**What to work on:** Please print exactly the lines running from the one that contains "n) \<le> Gamma_series" to the end of the data, with both lines included.

____ Supplied material

(* The Mittag-Leffler series converges absolutely for every argument: by crude Stirling-type
   bounds, |Gamma(rho + kappa n)| R^n / (|Gamma(alpha n + beta)| n!) is
   exp((Re kappa - Re alpha - 1) n ln n + O(n)), which decays faster than any geometric
   sequence because Re(kappa - alpha) < 1.  For c < t < x the n-th term of the kernel series
   times f t is therefore dominated by C_n M^n (x - t)^(Re beta - 1) |f t| with summable
   C_n M^n, and termwise integration is justified by dominated convergence as soon as
   (x - t)^(Re beta - 1) |f t| is integrable on (c, x); by Tonelli this holds for almost
   every x.  Once Re(alpha n + beta) >= 1, the n-th Riemann-Liouville integral is bounded by
   (d - c)^(Re(alpha n + beta) - 1) ||f||_1 / |Gamma(alpha n + beta)| uniformly in x, and the
   Weierstrass M-test gives uniform convergence on (c, d). *)

section \<open>Bounds for the Gamma function\<close>

lemma norm_Gamma_series:
  fixes z :: complex
  shows "norm (Gamma_series z n) = fact n * exp (Re z * ln (real n)) / (\<Prod>k<n+1. norm (z + of_nat k))"
proof -
  have "norm (pochhammer z (n+1)) = (\<Prod>k<n+1. norm (z + of_nat k))"
    by (simp add: pochhammer_prod prod_norm atLeast0LessThan)
  moreover have "norm (exp (z * of_real (ln (of_nat n)))) = exp (Re z * ln (real n))"
    by (simp add: norm_exp_eq_Re)
  ultimately show ?thesis
    by (simp add: Gamma_series_def norm_divide norm_mult)
qed

lemma Gamma_series_real:
  fixes x :: real
  shows "Gamma_series x n = fact n * exp (x * ln (real n)) / (\<Prod>k<n+1. x + of_nat k)"
  by (simp add: Gamma_series_def pochhammer_prod atLeast0LessThan)

lemma norm_Gamma_le_Gamma_Re:
  fixes z :: complex
  assumes "Re z > 0"
  shows "norm (Gamma z) \<le> Gamma (Re z)"
proof -
  have "norm (Gamma_series z n) \<le> Gamma_series (Re z) n" for n
  proof -
    have le: "(\<Prod>k<n+1. Re z + of_nat k) \<le> (\<Prod>k<n+1. norm (z + of_nat k))"
      using assms complex_Re_le_cmod[of "z + of_nat _"] by (intro prod_mono) auto
    have pos: "0 < (\<Prod>k<n+1. Re z + of_nat k)"
      using assms by (intro prod_pos) (auto simp: add_pos_nonneg)
    show ?thesis unfolding norm_Gamma_series Gamma_series_real
      using le pos by (intro divide_left_mono mult_pos_pos) auto
  qed
  then show ?thesis
    by (intro tendsto_le[OF _ Gamma_series_LIMSEQ tendsto_norm[OF Gamma_series_LIMSEQ]]) auto
qed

________

**Task solution:**
  have "norm (Gamma_series z n) \<le> Gamma_series (Re z) n" for n
  proof -
    have le: "(\<Prod>k<n+1. Re z + of_nat k) \<le> (\<Prod>k<n+1. norm (z + of_nat k))"
      using assms complex_Re_le_cmod[of "z + of_nat _"] by (intro prod_mono) auto
    have pos: "0 < (\<Prod>k<n+1. Re z + of_nat k)"
      using assms by (intro prod_pos) (auto simp: add_pos_nonneg)
    show ?thesis unfolding norm_Gamma_series Gamma_series_real
      using le pos by (intro divide_left_mono mult_pos_pos) auto
  qed
  then show ?thesis
    by (intro tendsto_le[OF _ Gamma_series_LIMSEQ tendsto_norm[OF Gamma_series_LIMSEQ]]) auto
qed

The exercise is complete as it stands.